The availability of the strong test depends on the existence of isolated umbilical points. If no umbilical point exist, the process stops and it is concluded that B^{’} (and B) is derived from A with respect to the intermediate test. If so, the strong test (umbilic test) may be performed. If the test succeeds, B^{’} (and B) is concluded to be derived from A with respect to the strong test. Otherwise, B^{’} (and B) is decided to be a copy of A with respect to the intermediate test.
Figure 5: Algorithm 1
The overall procedure is the same as algorithm 1 except that no iteration is involved as shown in Figure 6. In this algorithm, a decision is made based on statistical information constructed in each step. From the weak test, statistics of the distance function are computed and evaluated by the user or a computer program. If the statistics pass a set of threshold tests, then B^{’} (and B) is concluded to be derived from A under the weak test and the intermediate test begins. Otherwise, B^{’} (and B) is concluded not to be derived from A.

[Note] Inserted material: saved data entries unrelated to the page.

(* Let $r$ be a Lyndon word with $|r|\ge2$ and standard factorization $r=r's'$, and let $u$ be a nonempty word such that $u\le s'$ and $ru$ is a Lyndon word. Then the lexicographically smallest proper nonempty suffix of $ru$ is a suffix of $u$ (i.e., has length at most $|u|$).
   Context: Words are finite sequences over a totally ordered alphabet, compared in lexicographic order (a proper prefix is smaller than the word). A Lyndon word is a nonempty word strictly smaller than each of its proper nonempty suffixes. For a Lyndon word $r$ with $|r|\ge2$, its standard factorization is $r=r's'$ where $s'$ is the longest proper suffix of $r$ that is a Lyndon word; equivalently, $s'$ is the lexicographically smallest proper nonempty suffix of $r$. *)

theory Defs
  imports Main
begin

text \<open>Lexicographic order on words over a totally ordered alphabet; a proper
prefix is smaller than the word (this is the library relation lexordp).\<close>
definition word_less :: "'a::linorder list \<Rightarrow> 'a list \<Rightarrow> bool" where
  "word_less xs ys \<longleftrightarrow> lexordp (<) xs ys"

definition word_le :: "'a::linorder list \<Rightarrow> 'a list \<Rightarrow> bool" where
  "word_le xs ys \<longleftrightarrow> word_less xs ys \<or> xs = ys"

definition proper_suffix_ne :: "'a list \<Rightarrow> 'a list \<Rightarrow> bool" where
  "proper_suffix_ne v w \<longleftrightarrow> (\<exists>i. 0 < i \<and> i < length w \<and> v = drop i w)"

definition lyndon :: "'a::linorder list \<Rightarrow> bool" where
  "lyndon w \<longleftrightarrow> w \<noteq> [] \<and> (\<forall>v. proper_suffix_ne v w \<longrightarrow> word_less w v)"

definition std_fact :: "'a::linorder list \<Rightarrow> 'a list \<Rightarrow> 'a list \<Rightarrow> bool" where
  "std_fact r r' s' \<longleftrightarrow> r = r' @ s' \<and> proper_suffix_ne s' r \<and> lyndon s' \<and>
     (\<forall>v. proper_suffix_ne v r \<and> lyndon v \<longrightarrow> length v \<le> length s')"

end

theory Submission
  imports Defs "HOL-Library.List_Lexorder"
begin

text \<open>The smallest proper suffix of a word r is Lyndon: its own proper suffixes are
proper suffixes of r, hence larger. Since s' is the longest Lyndon proper suffix, it is
that smallest suffix. Now let m be the smallest proper suffix of r u. If m were longer
than u, then m = x u with x a proper suffix of r, so u \<le> s' \<le> x \<le> x u = m; but u is
itself a proper suffix of r u, so m \<le> u, whence m = u, contradicting the lengths.\<close>

lemma word_less_iff_less: "word_less xs ys \<longleftrightarrow> xs < (ys :: 'a::linorder list)"
  by (simp add: word_less_def List.lexordp_def list_less_def)

lemma word_le_iff_le: "word_le xs ys \<longleftrightarrow> xs \<le> (ys :: 'a::linorder list)"
  by (auto simp: word_le_def word_less_iff_less)

lemma le_append_self: "xs \<le> xs @ (ys :: 'a::linorder list)"
  by (cases "ys = []")
    (auto simp: list_le_def list_less_def simp flip: lexordp_conv_lexord intro: lexordp_append_rightI)

lemma proper_suffix_neD: "proper_suffix_ne v w \<Longrightarrow> v \<noteq> [] \<and> length v < length w"
  by (auto simp: proper_suffix_ne_def)

lemma proper_suffix_ne_append: "x \<noteq> [] \<Longrightarrow> u \<noteq> [] \<Longrightarrow> proper_suffix_ne u (x @ u)"
  unfolding proper_suffix_ne_def by (intro exI[of _ "length x"]) simp

lemma proper_suffix_ne_trans:
  assumes "proper_suffix_ne x v" and "proper_suffix_ne v w"
  shows "proper_suffix_ne x w"
proof -
  obtain i j where "0 < i" "i < length v" "x = drop i v" "0 < j" "j < length w" "v = drop j w"
    using assms by (auto simp: proper_suffix_ne_def)
  then show ?thesis
    unfolding proper_suffix_ne_def by (intro exI[of _ "j + i"]) (simp add: add.commute)
qed

lemma proper_suffix_ne_shorter:
  assumes "proper_suffix_ne x w" and "proper_suffix_ne v w" and "length x < length v"
  shows "proper_suffix_ne x v"
proof -
  obtain i j where "i < length w" "x = drop i w" "0 < j" "v = drop j w"
    using assms(1,2) by (auto simp: proper_suffix_ne_def)
  moreover from this assms(3) have "j < i" by simp
  ultimately show ?thesis
    unfolding proper_suffix_ne_def by (intro exI[of _ "i - j"]) simp
qed

lemma proper_suffix_ne_eq_if_length_eq:
  "proper_suffix_ne x w \<Longrightarrow> proper_suffix_ne v w \<Longrightarrow> length x = length v \<Longrightarrow> x = v"
  by (auto simp: proper_suffix_ne_def intro!: arg_cong[where f = "\<lambda>i. drop i w"])

lemma finite_proper_suffixes: "finite {v. proper_suffix_ne v w}"
proof (rule finite_subset)
  show "{v. proper_suffix_ne v w} \<subseteq> (\<lambda>i. drop i w) ` {..<length w}"
    by (auto simp: proper_suffix_ne_def)
qed simp

lemma lyndon_if_least_proper_suffix:
  fixes v w :: "'a::linorder list"
  assumes v: "proper_suffix_ne v w" and least: "\<And>x. proper_suffix_ne x w \<Longrightarrow> v \<le> x"
  shows "lyndon v"
  unfolding lyndon_def
proof (intro conjI allI impI)
  show "v \<noteq> []" using proper_suffix_neD[OF v] by simp
next
  fix x assume x: "proper_suffix_ne x v"
  have "v \<le> x" by (rule least[OF proper_suffix_ne_trans[OF x v]])
  moreover have "v \<noteq> x" using proper_suffix_neD[OF x] by auto
  ultimately show "word_less v x" by (simp add: word_less_iff_less)
qed

lemma std_fact_le_proper_suffix:
  fixes r r' s' x :: "'a::linorder list"
  assumes sf: "std_fact r r' s'" and x: "proper_suffix_ne x r"
  shows "s' \<le> x"
proof -
  define V where "V = {v. proper_suffix_ne v r}"
  have s'V: "s' \<in> V" using sf unfolding V_def std_fact_def by blast
  have "finite V" using finite_proper_suffixes by (simp add: V_def)
  define v where "v = Min V"
  have vV: "v \<in> V" using \<open>finite V\<close> s'V unfolding v_def by (intro Min_in) auto
  have least: "\<And>y. y \<in> V \<Longrightarrow> v \<le> y" using \<open>finite V\<close> unfolding v_def by simp
  have "lyndon v"
    using vV least by (intro lyndon_if_least_proper_suffix[of v r]) (simp_all add: V_def)
  then have "length v \<le> length s'" using sf vV unfolding std_fact_def V_def by blast
  have "v = s'"
  proof (rule ccontr)
    assume "v \<noteq> s'"
    then have "length v \<noteq> length s'"
      using vV s'V proper_suffix_ne_eq_if_length_eq unfolding V_def by blast
    with \<open>length v \<le> length s'\<close> have "proper_suffix_ne v s'"
      using proper_suffix_ne_shorter[of v r s'] vV s'V by (simp add: V_def)
    then have "s' < v" using sf unfolding std_fact_def lyndon_def word_less_iff_less by blast
    then show False using least[OF s'V] by simp
  qed
  then show ?thesis using least x unfolding V_def by blast
qed

lemma long_proper_suffix_of_append:
  assumes "proper_suffix_ne m (r @ u)" and "length u < length m"
  obtains x where "proper_suffix_ne x r" and "m = x @ u"
proof -
  obtain i where "0 < i" "i < length (r @ u)" "m = drop i (r @ u)"
    using assms(1) by (auto simp: proper_suffix_ne_def)
  with assms(2) show ?thesis
    by (intro that[of "drop i r"]) (auto simp: proper_suffix_ne_def)
qed

theorem lemma4p20:
  fixes r r' s' u :: "'a::linorder list"
  assumes "lyndon r" and "length r \<ge> 2"
    and "std_fact r r' s'"
    and "u \<noteq> []" and "word_le u s'"
    and "lyndon (r @ u)"
  shows "\<forall>m. proper_suffix_ne m (r @ u) \<and>
           (\<forall>v. proper_suffix_ne v (r @ u) \<longrightarrow> word_le m v)
           \<longrightarrow> length m \<le> length u"
proof (intro allI impI)
  fix m
  assume "proper_suffix_ne m (r @ u) \<and> (\<forall>v. proper_suffix_ne v (r @ u) \<longrightarrow> word_le m v)"
  then have m: "proper_suffix_ne m (r @ u)"
    and least: "\<And>v. proper_suffix_ne v (r @ u) \<Longrightarrow> m \<le> v"
    by (simp_all add: word_le_iff_le)
  show "length m \<le> length u"
  proof (rule ccontr)
    assume "\<not> length m \<le> length u"
    then obtain x where x: "proper_suffix_ne x r" and m_eq: "m = x @ u"
      using long_proper_suffix_of_append[OF m] by auto
    have "u \<le> s'" using assms(5) by (simp add: word_le_iff_le)
    also have "s' \<le> x" using std_fact_le_proper_suffix[OF assms(3) x] .
    also have "x \<le> m" unfolding m_eq by (rule le_append_self)
    finally have "u \<le> m" .
    moreover have "m \<le> u"
      using assms(1,4) by (intro least proper_suffix_ne_append) (simp_all add: lyndon_def)
    ultimately show False using \<open>\<not> length m \<le> length u\<close> by simp
  qed
qed

end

The intermediate test constructs statistics of intrinsic properties, i.e. angle differences of the principal directions. They are computed and evaluated by the user or a computer program. A determination is made as to whether the statistics pass a set of threshold tests. If the tests are negative, it is concluded that B^{’} (and B) is derived from A under the weak test. If the tests are positive, it is concluded that B^{’} (and B) is derived from A with respect to the intermediate test.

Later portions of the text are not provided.